Mendoza-Acosta’s Combined Opening Brief and COA Application has only one and a half sentences of argument: “In [Johnson v.] United States, the Supreme Court invalidated the use of the residual clause to enhance a Federal sentence ruling that the residual ealuse [sic] is unconstitutionally vague. There is no distinguishable difference.” Aplt. Combined Opening Brief and Applic. for COA at 3. If Mendoza-Acosta is intending to assert that there is no distinguishable difference between the ACCA’s residual clause invalid under Johnson and the Guideline under which he was sentenced, even that argument would not provide a basis for our granting a COA. Even if we assume Mendoza-Acosta intended to argue that Johnson renders his sentence enhancement under Sentencing Guideline § 4Bl.l(a) unconstitutionally vague, we would deny relief because these advisory Guidelines “are not subject to vagueness challenges under the Due Process Clause.... ” Beckles, 137 S.Ct. at 890. Mendoza-Acosta could not show that jurists of reason would disagree with this reading of current precedent.

Ill

We DENY his request for a COA and dismiss the matter. We GRANT his motion to proceed informa pauperis. 
      
       This order is not binding precedent, except under the doctrines of law of the case, res judicata, and collateral estoppel.
     
      
      . These are the only record documents indicating that Mendoza-Acosta’s sentencing enhancement came from the Guidelines as opposed to the Armed Career Criminal Act (ACCA).
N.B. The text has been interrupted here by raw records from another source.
(* Let $T\subset\mathbb{R}^3$ be the tetrahedron with vertices $(0,0,0)$, $\left(\frac12,0,0\right)$, $\left(0,2+\sqrt2,0\right)$ and $\left(0,0,2-\sqrt2\right)$. Then for every positive integer $t$, \[ \#(tT\cap\mathbb{Z}^3)=\frac16t^3+t^2+\frac{11}{6}t+1. \] *)

theory Defs
  imports "HOL-Analysis.Analysis"
begin

definition tetT :: "(real ^ 3) set" where
  "tetT = convex hull {vector [0, 0, 0], vector [1/2, 0, 0],
                       vector [0, 2 + sqrt 2, 0], vector [0, 0, 2 - sqrt 2]}"

definition lattice_pt :: "int \<times> int \<times> int \<Rightarrow> real ^ 3" where
  "lattice_pt p = (case p of (a, b, c) \<Rightarrow> vector [real_of_int a, real_of_int b, real_of_int c])"

end

theory Submission
  imports Defs "HOL-Computational_Algebra.Nth_Powers"
begin

text \<open>
  Up to scaling, \<open>T\<close> is the simplex \<open>x, y, z \<ge> 0, 2x + y/\<alpha> + z/\<beta> \<le> 1\<close> with
  \<open>\<alpha> = 2 + \<surd>2\<close>, \<open>\<beta> = 2 - \<surd>2\<close>, and the decisive fact is \<open>1/\<alpha> + 1/\<beta> = 2\<close>.
  Deleting the lattice points on the two axes from the triangle \<open>y/\<alpha> + z/\<beta> \<le> m\<close> and
  translating the rest by \<open>(-1, -1)\<close> yields exactly the triangle of level \<open>m - 2\<close>; likewise
  deleting the slice \<open>x = 0\<close> of the tetrahedron and translating by \<open>-1\<close> in \<open>x\<close> yields the
  tetrahedron of level \<open>m - 2\<close>. The axes carry \<open>\<lfloor>m\<beta>\<rfloor> + 1 + \<lfloor>m\<alpha>\<rfloor> = 4m\<close> points for
  \<open>m \<ge> 1\<close>, because \<open>m\<surd>2\<close> is never an integer. So the triangle of level \<open>n\<close> has \<open>(n + 1)\<^sup>2\<close>
  lattice points, and summing over the slices gives \<open>(n + 1)(n + 2)(n + 3)/6\<close> for the tetrahedron.
\<close>

lemma convex_hull_axis_simplex:
  fixes a b c :: real
  assumes "a > 0" "b > 0" "c > 0"
  shows "convex hull {vector [0, 0, 0], vector [a, 0, 0], vector [0, b, 0], vector [0, 0, c]}
       = {v :: real^3. 0 \<le> v$1 \<and> 0 \<le> v$2 \<and> 0 \<le> v$3 \<and> v$1 / a + v$2 / b + v$3 / c \<le> 1}"
    (is "convex hull ?V = ?S")
proof
  have "convex ?S"
    unfolding convex_def
  proof (intro ballI allI impI)
    fix x y :: "real^3" and u w :: real
    assume x: "x \<in> ?S" and y: "y \<in> ?S" and uw: "0 \<le> u" "0 \<le> w" "u + w = 1"
    have "u * (x$1 / a + x$2 / b + x$3 / c) + w * (y$1 / a + y$2 / b + y$3 / c) \<le> u * 1 + w * 1"
      using x y uw by (intro add_mono mult_left_mono) auto
    then show "u *\<^sub>R x + w *\<^sub>R y \<in> ?S"
      using x y uw by (simp add: add_divide_distrib algebra_simps)
  qed
  moreover have "?V \<subseteq> ?S"
    using assms by auto
  ultimately show "convex hull ?V \<subseteq> ?S"
    by (simp add: hull_minimal)
next
  show "?S \<subseteq> convex hull ?V"
  proof
    fix v :: "real^3"
    assume v: "v \<in> ?S"
    let ?P = "(!) [vector [0, 0, 0], vector [a, 0, 0], vector [0, b, 0], vector [0, 0, c]]"
    let ?L = "(!) [1 - (v$1 / a + v$2 / b + v$3 / c), v$1 / a, v$2 / b, v$3 / c]"
    have "(\<Sum>i\<in>{0..3}. ?L i *\<^sub>R ?P i) \<in> convex hull ?V"
    proof (rule convex_sum)
      show "(\<Sum>i\<in>{0..3}. ?L i) = 1"
        by (simp add: numeral_3_eq_3)
      show "0 \<le> ?L i" "?P i \<in> convex hull ?V" if "i \<in> {0..3}" for i
        using that v assms by (auto simp: numeral_3_eq_3 le_Suc_eq hull_inc)
    qed auto
    moreover have "(\<Sum>i\<in>{0..3}. ?L i *\<^sub>R ?P i) = v"
      using assms by (simp add: numeral_3_eq_3 vec_eq_iff forall_3)
    ultimately show "v \<in> convex hull ?V"
      by simp
  qed
qed

lemma not_is_square_2: "\<not> is_square (2 :: int)"
proof
  assume "is_square (2 :: int)"
  then obtain y :: int where y: "y\<^sup>2 = 2"
    by (auto elim: is_nth_powerE)
  have "\<bar>y\<bar> \<le> 1 \<or> 2 \<le> \<bar>y\<bar>"
    by linarith
  then show False
  proof
    assume "\<bar>y\<bar> \<le> 1"
    then have "y\<^sup>2 \<le> 1"
      by (simp add: abs_square_le_1)
    with y show False
      by simp
  next
    assume "2 \<le> \<bar>y\<bar>"
    then have "2\<^sup>2 \<le> \<bar>y\<bar>\<^sup>2"
      by (rule power_mono) simp
    with y show False
      by simp
  qed
qed

lemma of_int_mult_sqrt_2_notin_Ints:
  assumes "m \<noteq> 0"
  shows "real_of_int m * sqrt 2 \<notin> \<int>"
proof
  assume "real_of_int m * sqrt 2 \<in> \<int>"
  then obtain k where "real_of_int m * sqrt 2 = real_of_int k"
    by (elim Ints_cases)
  then have "real_of_int (k\<^sup>2) = (real_of_int m * sqrt 2)\<^sup>2"
    by simp
  also have "\<dots> = real_of_int (2 * m\<^sup>2)"
    by (simp add: power_mult_distrib)
  finally have "real_of_int (2 * m\<^sup>2) = real_of_int (k\<^sup>2)" ..
  then have "is_square (2 * m\<^sup>2)"
    by (simp only: of_int_eq_iff) simp
  then have "is_square (2 :: int)"
    using assms by (subst (asm) is_nth_power_mult_cancel_right) auto
  with not_is_square_2 show False ..
qed

lemma floor_add_floor_diff_not_Ints:
  fixes x :: real
  assumes "x \<notin> \<int>"
  shows "\<lfloor>of_int k + x\<rfloor> + \<lfloor>of_int k - x\<rfloor> = 2 * k - 1"
proof -
  have "\<lfloor>of_int k + x\<rfloor> = k + \<lfloor>x\<rfloor>"
    by linarith
  moreover have "\<lfloor>of_int k - x\<rfloor> = k - \<lceil>x\<rceil>"
    by linarith
  moreover have "\<lceil>x\<rceil> = \<lfloor>x\<rfloor> + 1"
    using assms ceiling_altdef[of x] by (metis Ints_of_int)
  ultimately show ?thesis
    by simp
qed

definition triangle_points :: "real \<Rightarrow> real \<Rightarrow> int \<Rightarrow> (int \<times> int) set" where
  "triangle_points \<alpha> \<beta> m = {(y, z). 0 \<le> y \<and> 0 \<le> z \<and> y / \<alpha> + z / \<beta> \<le> m}"

definition tetrahedron_points :: "real \<Rightarrow> real \<Rightarrow> int \<Rightarrow> (int \<times> int \<times> int) set" where
  "tetrahedron_points \<alpha> \<beta> m = {(x, y, z). 0 \<le> x \<and> (y, z) \<in> triangle_points \<alpha> \<beta> (m - 2 * x)}"

lemma triangle_points_mono: "m \<le> m' \<Longrightarrow> triangle_points \<alpha> \<beta> m \<subseteq> triangle_points \<alpha> \<beta> m'"
  unfolding triangle_points_def by auto

lemma triangle_points_subset:
  assumes "\<alpha> > 0" "\<beta> > 0"
  shows "triangle_points \<alpha> \<beta> m \<subseteq> {0..\<lfloor>m * \<alpha>\<rfloor>} \<times> {0..\<lfloor>m * \<beta>\<rfloor>}"
proof safe
  fix y z
  assume "(y, z) \<in> triangle_points \<alpha> \<beta> m"
  then have "0 \<le> y" "0 \<le> z" "y / \<alpha> \<le> m" "z / \<beta> \<le> m"
    using assms unfolding triangle_points_def by (auto intro: order.trans[rotated])
  then show "y \<in> {0..\<lfloor>m * \<alpha>\<rfloor>}" "z \<in> {0..\<lfloor>m * \<beta>\<rfloor>}"
    using assms by (simp_all add: le_floor_iff pos_divide_le_eq)
qed

lemma finite_triangle_points: "\<alpha> > 0 \<Longrightarrow> \<beta> > 0 \<Longrightarrow> finite (triangle_points \<alpha> \<beta> m)"
  by (rule finite_subset[OF triangle_points_subset]) auto

lemma triangle_points_eq_empty: "\<alpha> > 0 \<Longrightarrow> \<beta> > 0 \<Longrightarrow> m < 0 \<Longrightarrow> triangle_points \<alpha> \<beta> m = {}"
  using triangle_points_subset[of \<alpha> \<beta> m] by (fastforce simp: mult_neg_pos)

lemma triangle_points_peel:
  assumes "\<alpha> > 0" "\<beta> > 0" "1 / \<alpha> + 1 / \<beta> = 2"
  shows "triangle_points \<alpha> \<beta> m = {0} \<times> {0..\<lfloor>m * \<beta>\<rfloor>} \<union> {1..\<lfloor>m * \<alpha>\<rfloor>} \<times> {0}
           \<union> map_prod (\<lambda>y. y + 1) (\<lambda>z. z + 1) ` triangle_points \<alpha> \<beta> (m - 2)"
proof -
  have axis_y: "(y, 0) \<in> triangle_points \<alpha> \<beta> m \<longleftrightarrow> y \<in> {0..\<lfloor>m * \<alpha>\<rfloor>}" for y
    using assms by (auto simp: triangle_points_def le_floor_iff pos_divide_le_eq)
  have axis_z: "(0, z) \<in> triangle_points \<alpha> \<beta> m \<longleftrightarrow> z \<in> {0..\<lfloor>m * \<beta>\<rfloor>}" for z
    using assms by (auto simp: triangle_points_def le_floor_iff pos_divide_le_eq)
  have inner: "(y, z) \<in> triangle_points \<alpha> \<beta> m \<longleftrightarrow> (y - 1, z - 1) \<in> triangle_points \<alpha> \<beta> (m - 2)"
    if "y > 0" "z > 0" for y z
  proof -
    have "(y - 1) / \<alpha> + (z - 1) / \<beta> = y / \<alpha> + z / \<beta> - 2"
      using assms(3) by (simp add: diff_divide_distrib)
    then show ?thesis
      using that unfolding triangle_points_def by auto
  qed
  have nonneg: "0 \<le> y \<and> 0 \<le> z" if "(y, z) \<in> triangle_points \<alpha> \<beta> k" for y z k
    using that unfolding triangle_points_def by auto
  have shifted: "(y, z) \<in> map_prod (\<lambda>y. y + 1) (\<lambda>z. z + 1) ` S \<longleftrightarrow> (y - 1, z - 1) \<in> S" for y z :: int and S
    by (force simp: image_iff)
  show ?thesis
  proof (rule set_eqI, clarify)
    fix i j :: int
    show "(i, j) \<in> triangle_points \<alpha> \<beta> m \<longleftrightarrow> (i, j) \<in> {0} \<times> {0..\<lfloor>m * \<beta>\<rfloor>} \<union> {1..\<lfloor>m * \<alpha>\<rfloor>} \<times> {0}
           \<union> map_prod (\<lambda>y. y + 1) (\<lambda>z. z + 1) ` triangle_points \<alpha> \<beta> (m - 2)"
    proof (cases "i = 0"; cases "j = 0")
      assume "i \<noteq> 0" "j \<noteq> 0"
      then show ?thesis
        using inner[of i j] nonneg[of i j m] nonneg[of "i - 1" "j - 1" "m - 2"]
        by (cases "i > 0 \<and> j > 0") (auto simp: shifted)
    qed (use axis_y axis_z nonneg[of "-1" "j - 1" "m - 2"] nonneg[of "i - 1" "-1" "m - 2"] assms
         in \<open>auto simp: shifted zero_le_mult_iff\<close>)
  qed
qed

lemma card_triangle_points_peel:
  assumes "\<alpha> > 0" "\<beta> > 0" "1 / \<alpha> + 1 / \<beta> = 2"
  shows "card (triangle_points \<alpha> \<beta> m)
           = nat (\<lfloor>m * \<beta>\<rfloor> + 1) + nat \<lfloor>m * \<alpha>\<rfloor> + card (triangle_points \<alpha> \<beta> (m - 2))"
proof -
  let ?A = "{0 :: int} \<times> {0..\<lfloor>m * \<beta>\<rfloor>}" and ?B = "{1..\<lfloor>m * \<alpha>\<rfloor>} \<times> {0 :: int}"
  let ?C = "map_prod (\<lambda>y. y + 1) (\<lambda>z. z + 1) ` triangle_points \<alpha> \<beta> (m - 2)"
  have "finite ?C"
    using finite_triangle_points[OF assms(1,2)] by blast
  moreover have "(?A \<union> ?B) \<inter> ?C = {}"
    by (auto simp: triangle_points_def)
  ultimately have "card (?A \<union> ?B \<union> ?C) = card (?A \<union> ?B) + card ?C"
    by (subst card_Un_disjoint) auto
  also have "card (?A \<union> ?B) = card ?A + card ?B"
    by (subst card_Un_disjoint) auto
  also have "card ?C = card (triangle_points \<alpha> \<beta> (m - 2))"
    by (rule card_image) (auto simp: inj_on_def)
  finally show ?thesis
    using triangle_points_peel[OF assms, of m] by (simp add: card_cartesian_product)
qed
The Sentencing Minute Sheet states that he was "covered under the Armed Career Criminal Act.” Sentencing Min. Sheet, ECF No. 29. But his sentence enhancement could not have been based on the ACCA because his current conviction was not for being a felon in possession of a firearm. See 18 U.S.C. § 924(e).
     
      
      , On June 16, 2014, Mendoza-Acosta submitted a letter to the district court stating that he filed a § 2255 motion in March, 2013 but never received any response either granting or denying relief. Letter, ECF No. 34. His Combined Opening Brief and Application for a COA also indicates that he previously sought § 2255 relief. Aplt. Br. at 1. No prior § 2255 motion appears in the record, however. The district court docket shows only one motion filed in March, 2013: a Motion to Compel Defense Counsel to Release All Records and Files, by a Prisoner in Federal Custody. Mot., ECF No. 31. Mendoza-Acosta, also then pro se, successfully moved the district court to order his former federal defender to release files related to his case "pertinent to the Movant proceeding with post-sentencing remedies....” M. at 1. He did later move to reduce his sentence pursuant to 18 U.S.C. § 3582(c)(2) based on a change to U.S. Sentencing Guidelines § IB 1.10. Mot. at 1, ECF No. 15. Thorough record searches for other cases under his name and variants of it showed no previous § 2255 motion. We thus treat the present motion as his first.